_Description of the task_
Below are lines of data; restate word for word those running from the line containing "then show ?thesis using admissible_antimono[OF" to the line containing "fixes N :: real", inclusive, and no others.

─── Exercise data

lemma prod_le_inverse_one_minus:
  fixes a :: "nat \<Rightarrow> real"
  assumes l: "0 \<le> l" "l < 1" and "1 \<le> p"
    and a: "\<And>m. p \<le> m \<Longrightarrow> m \<le> q \<Longrightarrow> 0 \<le> a m \<and> a m \<le> 2 * l ^ 2 ^ m"
  shows "(\<Prod>m\<in>{p..q}. a m) \<le> 1 / (1 - l)"
proof (cases "p \<le> q")
  case False
  then have "(\<Prod>m\<in>{p..q}. a m) = 1" by simp
  also have "1 \<le> 1 / (1 - l)" using l by simp
  finally show ?thesis .
next
  case True
  have anonneg: "0 \<le> a m" if "p \<le> m" "m \<le> q" for m
    using a that by blast
  have "(\<Prod>m\<in>{p..q}. a m) = a q * (\<Prod>m\<in>{p..q - 1}. a m)"
  proof -
    have "{p..q} = insert q {p..q - 1}" "q \<notin> {p..q - 1}"
      using True \<open>1 \<le> p\<close> by auto
    then show ?thesis by simp
  qed
  also have "\<dots> \<le> (2 * l ^ 2 ^ q) * 2 ^ (q - 1)"
  proof (intro mult_mono prod_le_power)
    fix m assume "m \<in> {p..q - 1}"
    then have "0 \<le> a m" "a m \<le> 2 * l ^ 2 ^ m" using a[of m] by auto
    moreover have "l ^ 2 ^ m \<le> 1" using l by (intro power_le_one) auto
    ultimately show "0 \<le> a m \<and> a m \<le> 2" by linarith
  qed (use a True l \<open>1 \<le> p\<close> in \<open>auto intro!: prod_nonneg anonneg\<close>)
  also have "\<dots> = real (2 ^ q) * l ^ 2 ^ q"
    using True \<open>1 \<le> p\<close> by (simp add: power_eq_if[of 2 q])
  also have "\<dots> \<le> 1 / (1 - l)"
    by (rule mult_power_le_inverse_one_minus[OF l])
  finally show ?thesis .
qed

lemma sstar_inverse_diag_bound:
  assumes l: "0 < l" "l < 1" and i: "1 \<le> i" "i \<le> b"
  shows "- matinv (transpose_mat (jac l b (sstar l b))) $$ (i - 1, i - 1) \<le> real b / (1 - l)"
proof -
  let ?s = "sstar l b"
  note eq = sstar_equilibrium[of l b] l
  have pos: "0 < ?s k" if "k \<le> b" for k
    using equilibrium_pos[of l b ?s k] eq that by simp
  have a: "0 \<le> 2 * l * ?s m \<and> 2 * l * ?s m \<le> 2 * l ^ 2 ^ m" if "m \<le> b" for m
  proof -
    have "0 \<le> profile l (?s b) j" if "j < m" for j
      using pos[of j] equilibrium_eq_profile[of b ?s l j] eq that \<open>m \<le> b\<close> by simp
    then have "l * profile l (?s b) m \<le> l ^ 2 ^ m"
      using l by (intro profile_doubly_exponential_decay) auto
    then show ?thesis
      using pos[OF that] equilibrium_eq_profile[of b ?s l m] eq that l by simp
  qed
  have "- matinv (transpose_mat (jac l b ?s)) $$ (i - 1, i - 1)
      \<le> (\<Sum>k<i. \<Prod>m\<in>{Suc k..i - 1}. 2 * l * ?s m)"
    using jac_transpose_inverse_diag_bounds(2) pos l i by simp
  also have "\<dots> \<le> (\<Sum>k<i. 1 / (1 - l))"
    using a l i by (intro sum_mono prod_le_inverse_one_minus) auto
  also have "\<dots> \<le> real b / (1 - l)"
    using l i by (simp add: divide_right_mono)
  finally show ?thesis .
qed

lemma sstar_weighted_ftil_sum_bound:
  assumes l: "0 < l" "l < 1"
  shows "- (\<Sum>i=1..b. matinv (transpose_mat (jac l b (sstar l b))) $$ (i - 1, i - 1)
      * ftil l (sstar l b) i) \<le> real b / (1 - l)"
proof -
  let ?s = "sstar l b"
  let ?M = "matinv (transpose_mat (jac l b ?s))"
  have adm: "admissible b ?s" and eq: "\<forall>k\<in>{1..b}. fmf l ?s k = 0"
    using sstar_equilibrium l by auto
  have ftil: "ftil l ?s i = ?s i - ?s (i + 1)" if "i \<in> {1..b}" for i
    using eq that unfolding fmf_def ftil_def by auto
  have incr: "0 \<le> ?s i - ?s (i + 1)" if "i \<in> {1..b}" for i
  proof (cases "i = b")
    case True
    then show ?thesis using adm admissible_nonneg[OF adm, of b] by (simp add: admissible_def)
  next
    case False
    then show ?thesis using admissible_antimono[OF adm, of i "i + 1"] that by simp
  qed
  have "?s 1 - ?s (Suc b) \<le> 1"
    using adm admissible_antimono[OF adm, of 0 1] by (cases b) (auto simp: admissible_def)
  have telescope: "(\<Sum>i=1..b. ?s i - ?s (i + 1)) = ?s 1 - ?s (Suc b)"
    using sum_Suc_diff[of 1 b "\<lambda>i. - ?s i"] by simp
  have "- (\<Sum>i=1..b. ?M $$ (i - 1, i - 1) * ftil l ?s i)
      = (\<Sum>i=1..b. - ?M $$ (i - 1, i - 1) * (?s i - ?s (i + 1)))"
    by (simp add: ftil sum_negf[symmetric])
  also have "\<dots> \<le> (\<Sum>i=1..b. real b / (1 - l) * (?s i - ?s (i + 1)))"
    using sstar_inverse_diag_bound[OF l] incr by (intro sum_mono mult_right_mono) auto
  also have "\<dots> = real b / (1 - l) * (?s 1 - ?s (Suc b))"
    unfolding telescope[symmetric] by (rule sum_distrib_left[symmetric])
  also have "\<dots> \<le> real b / (1 - l)"
    using \<open>?s 1 - ?s (Suc b) \<le> 1\<close> l by (intro mult_left_le) auto
  finally show ?thesis .
qed

lemma lam_bounds:
  assumes "0 < \<gamma>" "\<gamma> \<le> 1" "0 < \<alpha>" "1 < N"
  shows "0 < lam \<gamma> \<alpha> N" "lam \<gamma> \<alpha> N < 1"
proof -
  have "1 < real N powr \<alpha>" using assms by (intro gr_one_powr) auto
  moreover have "0 < real N powr \<alpha>" using calculation by linarith
  ultimately have "\<gamma> / real N powr \<alpha> < 1" "0 < \<gamma> / real N powr \<alpha>"
    using assms(1,2) by simp_all
  then show "0 < lam \<gamma> \<alpha> N" "lam \<gamma> \<alpha> N < 1" by (simp_all add: lam_def)
qed

lemma log_rate_bound:
  fixes N :: real
  assumes "1 < N" "0 < \<gamma>" "0 \<le> \<alpha>" "0 < \<xi>" "0 \<le> K" "B \<le> K * ln N"
  shows "B * N powr \<alpha> / (\<gamma> * N) \<le> K / (\<xi> * \<gamma>) / N powr (1 - 2 * \<alpha> - 3 * \<xi>)"
proof -
  have "ln N \<le> N powr \<xi> / \<xi>"
    using assms by (intro ln_powr_bound) auto
  then have "B \<le> K * (N powr \<xi> / \<xi>)"
    using assms(5,6) by (meson mult_left_mono order_trans)
  then have "B * N powr \<alpha> / (\<gamma> * N) \<le> K * (N powr \<xi> / \<xi>) * N powr \<alpha> / (\<gamma> * N)"
    using assms by (intro divide_right_mono mult_right_mono) auto
  also have "\<dots> = K / (\<xi> * \<gamma>) * N powr (\<xi> + \<alpha> - 1)"
    using assms by (simp add: powr_diff powr_add)
  also have "\<dots> \<le> K / (\<xi> * \<gamma>) * N powr (- (1 - 2 * \<alpha> - 3 * \<xi>))"
    using assms by (intro mult_left_mono powr_mono) auto
  also have "\<dots> = K / (\<xi> * \<gamma>) / N powr (1 - 2 * \<alpha> - 3 * \<xi>)"
    by (subst powr_minus_divide) simp
  finally show ?thesis .
qed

──────

_Response area_
    then show ?thesis using admissible_antimono[OF adm, of i "i + 1"] that by simp
  qed
  have "?s 1 - ?s (Suc b) \<le> 1"
    using adm admissible_antimono[OF adm, of 0 1] by (cases b) (auto simp: admissible_def)
  have telescope: "(\<Sum>i=1..b. ?s i - ?s (i + 1)) = ?s 1 - ?s (Suc b)"
    using sum_Suc_diff[of 1 b "\<lambda>i. - ?s i"] by simp
  have "- (\<Sum>i=1..b. ?M $$ (i - 1, i - 1) * ftil l ?s i)
      = (\<Sum>i=1..b. - ?M $$ (i - 1, i - 1) * (?s i - ?s (i + 1)))"
    by (simp add: ftil sum_negf[symmetric])
  also have "\<dots> \<le> (\<Sum>i=1..b. real b / (1 - l) * (?s i - ?s (i + 1)))"
    using sstar_inverse_diag_bound[OF l] incr by (intro sum_mono mult_right_mono) auto
  also have "\<dots> = real b / (1 - l) * (?s 1 - ?s (Suc b))"
    unfolding telescope[symmetric] by (rule sum_distrib_left[symmetric])
  also have "\<dots> \<le> real b / (1 - l)"
    using \<open>?s 1 - ?s (Suc b) \<le> 1\<close> l by (intro mult_left_le) auto
  finally show ?thesis .
qed

lemma lam_bounds:
  assumes "0 < \<gamma>" "\<gamma> \<le> 1" "0 < \<alpha>" "1 < N"
  shows "0 < lam \<gamma> \<alpha> N" "lam \<gamma> \<alpha> N < 1"
proof -
  have "1 < real N powr \<alpha>" using assms by (intro gr_one_powr) auto
  moreover have "0 < real N powr \<alpha>" using calculation by linarith
  ultimately have "\<gamma> / real N powr \<alpha> < 1" "0 < \<gamma> / real N powr \<alpha>"
    using assms(1,2) by simp_all
  then show "0 < lam \<gamma> \<alpha> N" "lam \<gamma> \<alpha> N < 1" by (simp_all add: lam_def)
qed

lemma log_rate_bound:
  fixes N :: real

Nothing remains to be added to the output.